Знание, особенно историческое и философское, было тогда посвящено систематизации телеологических интерпретаций, которые делали события необходимостью, затемняя их множественность и случайность. Эта композиция завещала гуманитарным наукам гносеологические парадигмы, уязвимые перед метафизическими конструкциями, которые возлагали ответственность за социальные неурядицы на провидение. Эти парадигмы и их наследие составляют то, с чем стремилась бороться работа Козеллека.
Козеллек, ученик Лёвита
На критику философии истории Козеллеком оказала решающее влияние работа Карла Лёвита, который был вторым оценщиком Критика и кризис. Лёвит был учеником Гуссерля во Фрайбурге, где он также познакомился с Хайдеггером и позже стал его студентом в Марбургском университете. В 1934 году, в начале своей академической карьеры, он был вынужден покинуть Германию из-за антисемитской политики.
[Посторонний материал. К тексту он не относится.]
lemma poisson_window_rate:
  assumes "0 \<le> a" "a < b" "b \<le> 1 \<or> 1 \<le> a"
  shows "\<forall>\<^sub>F l in at_top. 0 < poisson_window_prob a b l"
    and "((\<lambda>l. ln (poisson_window_prob a b l) / l) \<longlongrightarrow> - interval_rate a b) at_top"
proof -
  define c where "c = (if b \<le> 1 then b else a)"
  have c: "c \<in> {a, b}" "0 < c" "interval_rate a b = poisson_rate c"
    using assms by (auto simp: c_def interval_rate_def)
  obtain L where lower: "\<forall>\<^sub>F l in at_top. 0 < poisson_window_prob a b l \<and> L l \<le> ln (poisson_window_prob a b l) / l"
    and L: "(L \<longlongrightarrow> - interval_rate a b) at_top"
    unfolding c(3) by (rule poisson_window_prob_lower[OF assms(1,2) c(1,2)])
  show pos: "\<forall>\<^sub>F l in at_top. 0 < poisson_window_prob a b l"
    using lower by (rule eventually_mono) simp
  have upper: "\<forall>\<^sub>F l in at_top. ln (poisson_window_prob a b l) / l \<le> ln (b * l) / l - interval_rate a b"
    using pos eventually_gt_at_top[of 0]
  proof eventually_elim
    case (elim l)
    have "0 < b * l"
      using assms elim by simp
    with elim have "ln (poisson_window_prob a b l) \<le> ln (b * l * exp (- l * interval_rate a b))"
      using poisson_window_prob_le[OF assms, of l] by (intro ln_mono) auto
    also have "\<dots> = ln (b * l) - l * interval_rate a b"
      using \<open>0 < b * l\<close> by (simp add: ln_mult_pos)
    finally have "ln (poisson_window_prob a b l) / l \<le> (ln (b * l) - l * interval_rate a b) / l"
      using elim by (intro divide_right_mono) auto
    also have "\<dots> = ln (b * l) / l - interval_rate a b"
      using elim by (simp add: diff_divide_distrib)
    finally show ?case .
  qed
  have "((\<lambda>l. ln (b * l) / l) \<longlongrightarrow> 0) at_top"
    using assms(1,2) by real_asymp
  from tendsto_diff[OF this tendsto_const]
  have upper_lim: "((\<lambda>l. ln (b * l) / l - interval_rate a b) \<longlongrightarrow> - interval_rate a b) at_top"
    by simp
  have "\<forall>\<^sub>F l in at_top. L l \<le> ln (poisson_window_prob a b l) / l"
    using lower by (rule eventually_mono) simp
  from tendsto_sandwich[OF this upper L upper_lim]
  show "((\<lambda>l. ln (poisson_window_prob a b l) / l) \<longlongrightarrow> - interval_rate a b) at_top" .
qed
(* Assume $\beta\ge0$, $\zeta_l>0$, $\zeta_r>0$ and $N_1\ge2$. Then $e^{tl}\to0$ as $t\to\infty$, the quantity $\mathcal{J}_n=\sum_{\nu\in M_n}2\,\mathrm{Im}\langle e_{\nu_+},R_\infty e_\nu\rangle$ is independent of $n\in\{1,\dots,N_1-1\}$, and its common value $\mathcal{J}(N_1,\dots,N_d)$ satisfies $$\mathcal{J}(N_1,\dots,N_d)=4(\alpha_{in}^l\alpha_{out}^r-\alpha_{out}^l\alpha_{in}^r)\int_0^\infty\mathrm{Tr}\,P_1e^{tl}(P_{N_1})\,dt=-4(\alpha_{in}^l\alpha_{out}^r-\alpha_{out}^l\alpha_{in}^r)\,\mathrm{Tr}\,P_1l^{-1}(P_{N_1}).$$
   Context: Let $d\ge1$ and $N_1,\dots,N_d\in\mathbb{N}$. Let $\mathfrak L=\{1,\dots,N_1\}\times\cdots\times\{1,\dots,N_d\}$, with elements $\nu=(\nu_1,\dots,\nu_d)$; $NN(\nu)$ is the set of nearest neighbours of $\nu$ in $\mathfrak L$ (points of $\mathfrak L$ at Euclidean distance $1$). For $i=1,\dots,N_1$ let $M_i=\{\nu\in\mathfrak L:\nu_1=i\}$, and for $\nu\notin M_{N_1}$ let $\nu_+=(\nu_1+1,\nu_2,\dots,\nu_d)$. Let $\{e_\nu\}_{\nu\in\mathfrak L}$ be the standard basis of $\mathbb{C}^{|\mathfrak L|}$, $p_\nu=|e_\nu\rangle\langle e_\nu|$, $P_1=\sum_{\nu\in M_1}p_\nu$, $P_{N_1}=\sum_{\nu\in M_{N_1}}p_\nu$. Given a bounded real $v$ on $\mathfrak L$, let $(h\psi)(\nu)=-\sum_{\mu\in NN(\nu)}\psi(\mu)+v(\nu)\psi(\nu)$. Let $\alpha_{in}^l,\alpha_{out}^l,\alpha_{in}^r,\alpha_{out}^r,\beta\ge0$, $\zeta_l=\alpha_{in}^l+\alpha_{out}^l$, $\zeta_r=\alpha_{in}^r+\alpha_{out}^r$. Define $l$ on $M_{|\mathfrak L|}(\mathbb{C})$ by $l(a)=-i[h,a]-\zeta_l\{P_1,a\}-\zeta_r\{P_{N_1},a\}+\beta\left(\sum_{\nu\in\mathfrak L}p_\nu ap_\nu-a\right)$, and $R_\infty=\int_0^\infty e^{tl}(2\alpha_{in}^lP_1+2\alpha_{in}^rP_{N_1})\,dt$. *)

theory Defs
  imports "HOL-Analysis.Analysis"
begin

text \<open>Lattice points are lists of length d = length N, where N = [N_1,...,N_d].
  Operators on C^|L| are represented as functions site => site => complex
  (matrix entries), with indices meaningful on the lattice only.\<close>

type_synonym site = "nat list"
type_synonym cmat = "site \<Rightarrow> site \<Rightarrow> complex"

definition lattice :: "nat list \<Rightarrow> site set" where
  "lattice N = {\<nu>. length \<nu> = length N \<and> (\<forall>i<length N. 1 \<le> \<nu>!i \<and> \<nu>!i \<le> N!i)}"

definition nn :: "nat list \<Rightarrow> site \<Rightarrow> site \<Rightarrow> bool" where
  "nn N \<mu> \<nu> \<longleftrightarrow> \<mu> \<in> lattice N \<and> \<nu> \<in> lattice N \<and>
     (\<Sum>i<length N. (int (\<mu>!i) - int (\<nu>!i))^2) = 1"

definition supported :: "nat list \<Rightarrow> cmat \<Rightarrow> bool" where
  "supported N a \<longleftrightarrow> (\<forall>\<mu> \<nu>. \<mu> \<notin> lattice N \<or> \<nu> \<notin> lattice N \<longrightarrow> a \<mu> \<nu> = 0)"

definition mmul :: "nat list \<Rightarrow> cmat \<Rightarrow> cmat \<Rightarrow> cmat" where
  "mmul N a b = (\<lambda>\<mu> \<nu>. \<Sum>\<kappa>\<in>lattice N. a \<mu> \<kappa> * b \<kappa> \<nu>)"

definition tr :: "nat list \<Rightarrow> cmat \<Rightarrow> complex" where
  "tr N a = (\<Sum>\<nu>\<in>lattice N. a \<nu> \<nu>)"

definition ham :: "nat list \<Rightarrow> (site \<Rightarrow> real) \<Rightarrow> cmat" where
  "ham N v = (\<lambda>\<nu> \<mu>. if \<nu> \<in> lattice N \<and> \<mu> \<in> lattice N then
      (if nn N \<nu> \<mu> then -1 else 0) + (if \<mu> = \<nu> then complex_of_real (v \<nu>) else 0) else 0)"

definition pr :: "site \<Rightarrow> cmat" where
  "pr \<kappa> = (\<lambda>\<mu> \<nu>. if \<mu> = \<kappa> \<and> \<nu> = \<kappa> then 1 else 0)"

text \<open>M_i = {nu in L. nu_1 = i} (first coordinate is index 0 of the list).\<close>
definition slice :: "nat list \<Rightarrow> nat \<Rightarrow> site set" where
  "slice N i = {\<nu> \<in> lattice N. \<nu>!0 = i}"

definition projS :: "site set \<Rightarrow> cmat" where
  "projS S = (\<lambda>\<mu> \<nu>. \<Sum>\<kappa>\<in>S. pr \<kappa> \<mu> \<nu>)"

definition P1 :: "nat list \<Rightarrow> cmat" where
  "P1 N = projS (slice N 1)"

definition PN :: "nat list \<Rightarrow> cmat" where
  "PN N = projS (slice N (N!0))"

definition lind :: "nat list \<Rightarrow> (site \<Rightarrow> real) \<Rightarrow> real \<Rightarrow> real \<Rightarrow> real \<Rightarrow> cmat \<Rightarrow> cmat" where
  "lind N v zl zr \<beta> a = (\<lambda>\<mu> \<nu>.
      - \<i> * (mmul N (ham N v) a \<mu> \<nu> - mmul N a (ham N v) \<mu> \<nu>)
      - complex_of_real zl * (mmul N (P1 N) a \<mu> \<nu> + mmul N a (P1 N) \<mu> \<nu>)
      - complex_of_real zr * (mmul N (PN N) a \<mu> \<nu> + mmul N a (PN N) \<mu> \<nu>)
      + complex_of_real \<beta> * ((\<Sum>\<kappa>\<in>lattice N. mmul N (mmul N (pr \<kappa>) a) (pr \<kappa>) \<mu> \<nu>) - a \<mu> \<nu>))"

definition expl :: "nat list \<Rightarrow> (site \<Rightarrow> real) \<Rightarrow> real \<Rightarrow> real \<Rightarrow> real \<Rightarrow> real \<Rightarrow> cmat \<Rightarrow> cmat" where
  "expl N v zl zr \<beta> t a = (\<lambda>\<mu> \<nu>.
      \<Sum>k. complex_of_real (t ^ k / fact k) * ((lind N v zl zr \<beta> ^^ k) a \<mu> \<nu>))"

definition Rinf :: "nat list \<Rightarrow> (site \<Rightarrow> real) \<Rightarrow> real \<Rightarrow> real \<Rightarrow> real \<Rightarrow> real \<Rightarrow> real \<Rightarrow> cmat" where
  "Rinf N v zl zr \<beta> ail air = (\<lambda>\<mu> \<nu>. integral {0..} (\<lambda>t.
      expl N v zl zr \<beta> t (\<lambda>x y. 2 * complex_of_real ail * P1 N x y + 2 * complex_of_real air * PN N x y) \<mu> \<nu>))"

definition splus :: "site \<Rightarrow> site" where
  "splus \<nu> = \<nu>[0 := \<nu>!0 + 1]"

definition current :: "nat list \<Rightarrow> (site \<Rightarrow> real) \<Rightarrow> real \<Rightarrow> real \<Rightarrow> real \<Rightarrow> real \<Rightarrow> real \<Rightarrow> nat \<Rightarrow> real" where
  "current N v zl zr \<beta> ail air n =
     (\<Sum>\<nu>\<in>slice N n. 2 * Im (Rinf N v zl zr \<beta> ail air (splus \<nu>) \<nu>))"

definition linv :: "nat list \<Rightarrow> (site \<Rightarrow> real) \<Rightarrow> real \<Rightarrow> real \<Rightarrow> real \<Rightarrow> cmat \<Rightarrow> cmat" where
  "linv N v zl zr \<beta> b = (THE a. supported N a \<and> lind N v zl zr \<beta> a = b)"

end

theory Submission
  imports Defs
begin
В этот период он жил и преподавал в Италии, Японии и Соединенных Штатах, пока не вернулся в Германию в 1952 году с помощью Гадамера, когда он занял кафедру философии в Гейдельберге.
смысл истории, одна из главных книг Лёвита, оказала большое влияние на формирование Козеллека, и его легко идентифицировать, особенно в отношении их интереса к рождению современной философии истории в результате секуляризации иудео-христианской эсхатологии. Козеллек сообщил, что время, когда он работал над переводом последних трех глав книги на немецкий язык, было одним из самых ярких уроков в его жизни, что привело его к исследованию секуляризации наряду с появлением беспрецедентной временной конфигурации. Ученик Лёвита настаивал на том, что секуляризация была лишь одним из аспектов процесса темпорализации.
Лёвит утверждал, что философия истории относится к систематической интерпретации истории как универсального явления. Один принцип — прогресс — объединит события и приведет их к осуществлению человеческого совершенствования и спасения. Эта вера откладывала столкновение с разочарованиями, ожидая совершенства как пункта назначения. Это современный мир, представленный в результате секуляризации богословских принципов (иудео-христианское наследие) применительно к историческим событиям (греческое наследие).
Присутствие иудео-христианского наследия в концепции современной истории наложило вето на экспериментирование фрустрации из-за постоянной отсрочки эсхатологии (вопрос, в отношении которого Козеллек продолжил в Критика и кризис). В интеллектуальном контексте, который искал объяснения возникновения тоталитаризма и отрицания прогрессивных интерпретаций, Лёвит представил понятие истории как структуры, отмеченной отсутствием решения страдания и боли: история как «опыт неизменной неудачи». Есть в этом понимании ностальгия по идее более близкого к античному миру космоса.
Греки были бы более умеренны в своих рассуждениях о человеческой судьбе, не стремились бы обозначить ультиматум истории и лучше относились бы к временным ритмам и колебаниям. Козеллек, не вторя ностальгии своего учителя, продолжал свой критический жест по отношению к современному утопическому энтузиазму. Но он настаивал на дифференциации: процесс секуляризации, хотя и центральный для модерна, развернулся из более радикального явления — кризиса некой темпоральности, оформившейся через «темпоральное ускорение».
* Тамара де Оливейра Родригес Профессор истории Государственного университета Минас-Жерайс (UEMG).
Справка
Рейнхарт Козеллек: Скрытая философия времени. Организация: Ганс Ульрих Гумбрехт и Тамара де Оливейра Родригес. Перевод: Луис Коста Лима. Сан-Паулу, Unesp, 2021, 164 страницы.